All the things – and believe me, there are more than any of us realize – being done to people not only of this country, but also (especially) of the rest of the world in our name are stoppable. As I said above, it is important that we realize and then execute our powers in order to achieve this, but first we need to know what exactly is happening. Amy Goodman (one of my personal heroes) wrote an article yesterday in which she spoke of the recent death of the long reigning dictator of Indonesia who killed millions of people- with weapons and money given to him by the United States of America. None of the mainstream newspapers carry front-page articles about this kind of thing, and on the rare occasion that they do, they do not mention the fact that it is our tax dollars that are making all of that possible; it is up to us to figure that out for ourselves. Then, once we have done our research and become horrified by what our money is being used for, it is time to do something. We have come a long way from the power being in the hands of the people – we hand it to people who we think can make better decisions (and why do we think they can make better decisions? That’s a whole other blog) – and it is a long uphill battle to get it back, but it is possible and the only way it will happen is if we all fight. I’m not saying that we should all quit our jobs, refuse to pay taxes, and go to war with our government, but we should act how we feel and do whatever we can.

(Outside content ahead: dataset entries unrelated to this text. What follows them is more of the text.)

(* Let $n\ge 2$, $d\ge 1$, $\tau>0$, $\sigma>0$. Let $\mu^\star_1,\mu^\star_2\stackrel{\mathrm{i.i.d.}}{\sim}\mathcal N(0,\tau^2 I_d)$ and $\xi_1,\dots,\xi_n\stackrel{\mathrm{i.i.d.}}{\sim}\mathcal N(0,\sigma^2 I_d)$, with the centers independent of the noise. Let $z^\star_1,\dots,z^\star_n\in\{1,2\}$ be fixed labels such that both classes $S^\star_\ell=\{i: z^\star_i=\ell\}$ are nonempty, and set $x_i=\mu^\star_{z^\star_i}+\xi_i$. Let $\{C_1,C_2\}$ be a fixed partition of $[n]$ into two nonempty sets, with centroids $\widehat\mu_j=|C_j|^{-1}\sum_{k\in C_j}x_k$. Fix $i\in[n]$, let $j$ be such that $i\in C_j$, let $\overline{j}$ be the other index in $\{1,2\}$, and let $\ell$ be such that $i\in S^\star_\ell$. Then $$\|x_i-\widehat\mu_{\overline j}\|^2\sim \alpha\,\chi^2_d,\qquad \alpha=2\tau^2(1-R^\ell_{\overline j})^2+\Bigl(1+\tfrac{1}{|C_{\overline j}|}\Bigr)\sigma^2,$$ where $R^\ell_{\overline j}=|C_{\overline j}\cap S^\star_\ell|/|C_{\overline j}|$.
   Context: $[n]=\{1,\dots,n\}$. For $a>0$, "$Y\sim a\chi^2_d$" means $Y/a$ is chi-squared with $d$ degrees of freedom. Randomness is only over the centers and noise; labels and partition are deterministic. *)

theory Defs
  imports "HOL-Probability.Probability"
begin

definition chi2_density :: "nat \<Rightarrow> real \<Rightarrow> real" where
  "chi2_density k x =
     (if 0 < x then x powr (real k / 2 - 1) * exp (- x / 2)
                    / (2 powr (real k / 2) * Gamma (real k / 2))
      else 0)"

definition scaled_chi2_distributed ::
  "'a measure \<Rightarrow> ('a \<Rightarrow> real) \<Rightarrow> real \<Rightarrow> nat \<Rightarrow> bool" where
  "scaled_chi2_distributed M Y a k \<longleftrightarrow>
     distributed M lborel (\<lambda>\<omega>. Y \<omega> / a) (\<lambda>x. ennreal (chi2_density k x))"

definition obs ::
  "(nat \<Rightarrow> 'a \<Rightarrow> real^'d) \<Rightarrow> (nat \<Rightarrow> 'a \<Rightarrow> real^'d) \<Rightarrow> (nat \<Rightarrow> nat) \<Rightarrow> nat \<Rightarrow> 'a \<Rightarrow> real^'d" where
  "obs mu xi z k \<omega> = mu (z k) \<omega> + xi k \<omega>"

definition centroid ::
  "(nat \<Rightarrow> 'a \<Rightarrow> real^'d) \<Rightarrow> (nat \<Rightarrow> 'a \<Rightarrow> real^'d) \<Rightarrow> (nat \<Rightarrow> nat) \<Rightarrow> nat set \<Rightarrow> 'a \<Rightarrow> real^'d" where
  "centroid mu xi z C \<omega> = (1 / real (card C)) *\<^sub>R (\<Sum>k\<in>C. obs mu xi z k \<omega>)"

end

theory Submission
  imports Defs
begin

text \<open>
  Each coordinate of x_i minus the centroid of the opposite cluster C is one fixed linear
  combination of the independent centred Gaussians mu_1, mu_2, xi_1, ..., xi_n: as i is not in C,
  it is (1 - R)(mu_l - mu_l') + xi_i - |C|^-1 sum_{k in C} xi_k, whose variance is alpha. So the
  d coordinates are i.i.d. N(0, alpha), and the squared norm divided by alpha is a sum of d
  independent squared standard normals. Such a sum is chi^2_d: a squared standard normal has
  density chi^2_1 (substitute t = x^2), and chi^2_a * chi^2_b = chi^2_(a+b) because, after the
  substitution y = x t, the convolution integrand factors into chi^2_(a+b)(x) times a Beta kernel.
\<close>

section \<open>Chi-squared densities\<close>

definition chi2_const :: "nat \<Rightarrow> real" where
  "chi2_const k = 2 powr (real k / 2) * Gamma (real k / 2)"

lemma chi2_const_pos: "0 < k \<Longrightarrow> 0 < chi2_const k"
  by (simp add: chi2_const_def Gamma_real_pos)

lemma chi2_density_pos:
  "0 < x \<Longrightarrow> chi2_density k x = x powr (real k / 2 - 1) * exp (- x / 2) / chi2_const k"
  by (simp add: chi2_density_def chi2_const_def)

lemma chi2_density_nonpos: "x \<le> 0 \<Longrightarrow> chi2_density k x = 0"
  by (simp add: chi2_density_def)

lemma chi2_density_nonneg [simp]: "0 \<le> chi2_density k x"
  by (cases "k = 0") (auto simp: chi2_density_def intro!: divide_nonneg_pos Gamma_real_pos)

lemma borel_measurable_chi2_density [measurable]: "chi2_density k \<in> borel_measurable borel"
  unfolding chi2_density_def by measurable

lemma chi2_density_convolution_integrand:
  assumes "0 < a" "0 < b" "0 < x" "0 < t" "t < 1"
  shows "x * (chi2_density a (x - x * t) * chi2_density b (x * t)) =
    chi2_const (a + b) / (chi2_const a * chi2_const b) * chi2_density (a + b) x *
    ((1 - t) powr (real a / 2 - 1) * t powr (real b / 2 - 1))"
proof -
  define p q where "p = real a / 2 - 1" and "q = real b / 2 - 1"
  have "x - x * t = x * (1 - t)" by (simp add: algebra_simps)
  then have dens_a:
    "chi2_density a (x - x * t) = x powr p * (1 - t) powr p * exp (- (x * (1 - t)) / 2) / chi2_const a"
    using assms by (simp add: chi2_density_pos powr_mult p_def)
  have dens_b: "chi2_density b (x * t) = x powr q * t powr q * exp (- (x * t) / 2) / chi2_const b"
    using assms by (simp add: chi2_density_pos powr_mult q_def)
  have "x powr (real (a + b) / 2 - 1) = x powr (p + q + 1)"
    by (rule arg_cong[where f = "(powr) x"]) (simp add: p_def q_def field_simps)
  then have dens_ab: "chi2_density (a + b) x = x powr p * x powr q * x * exp (- x / 2) / chi2_const (a + b)"
    using assms by (simp only: chi2_density_pos powr_add powr_one)
  have "exp (- (x * (1 - t)) / 2) * exp (- (x * t) / 2) = exp (- x / 2)"
    by (simp add: exp_add[symmetric] algebra_simps add_divide_distrib[symmetric])
  then show ?thesis
    using chi2_const_pos[of a] chi2_const_pos[of b] chi2_const_pos[of "a + b"] assms
    unfolding dens_a dens_b dens_ab p_def[symmetric] q_def[symmetric] by (simp add: field_simps)
qed

lemma nn_integral_chi2_density:
  assumes "0 < k"
  shows "(\<integral>\<^sup>+x. ennreal (chi2_density k x) \<partial>lborel) = 1"
proof -
  define s where "s = real k / 2"
  have s: "0 < s" and G: "0 < Gamma s" using assms by (simp_all add: s_def Gamma_real_pos)
  have "(\<integral>\<^sup>+x. ennreal (chi2_density k x) \<partial>lborel) =
        (\<integral>\<^sup>+x. ennreal (2 * chi2_density k (0 + 2 * x)) \<partial>lborel)"
    by (subst nn_integral_real_affine[where c = 2 and t = 0])
       (auto simp: nn_integral_cmult[symmetric] ennreal_mult)
  also have "\<dots> = (\<integral>\<^sup>+x. ennreal (1 / Gamma s) *
      ennreal (indicator {0..} x * x powr (s - 1) / exp x) \<partial>lborel)"
  proof (rule nn_integral_cong)
    fix x :: real
    have "2 * chi2_density k (0 + 2 * x) = 1 / Gamma s * (indicator {0..} x * x powr (s - 1) / exp x)"
      using G by (auto simp: chi2_density_def s_def[symmetric] indicator_def
        powr_mult exp_minus field_simps powr_diff)
    then show "ennreal (2 * chi2_density k (0 + 2 * x)) =
        ennreal (1 / Gamma s) * ennreal (indicator {0..} x * x powr (s - 1) / exp x)"
      using G by (simp add: ennreal_mult'[symmetric])
  qed
  also have "\<dots> = ennreal (1 / Gamma s) * ennreal (Gamma s)"
    by (subst nn_integral_cmult) (simp_all add: Gamma_conv_nn_integral_real[OF s])
  also have "\<dots> = 1" using G by (simp add: ennreal_mult'[symmetric])
  finally show ?thesis .
qed

lemma prob_space_chi2_density:
  "0 < k \<Longrightarrow> prob_space (density lborel (\<lambda>x. ennreal (chi2_density k x)))"
  by (rule prob_spaceI) (simp add: emeasure_density nn_integral_chi2_density)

The number of dead due to the current presidential conflict in Kenya has reached 1,000 according to Al Jazeera. Nothing is changing on the streets, as backers of Raila Odinga continue to loot the homes and kill the supporters of Mwai Kibaki, while Kibaki’s police shoot into crowds of Odinga supporters. Ban Ki-moon (the UN secretary general) has joined Kofi Anan in the capitol to help work out some kind deal; the representatives of both Kibaki and Odinga are there, but are pretty far away from each other on the demands. Kibaki says he did not steal the election, but is willing to share power if it means settling things down, while Odinga maintains that he will not back down (although he is in no way condoning the violence) until Kibaki admits he cheated and agrees to hold new, fair elections.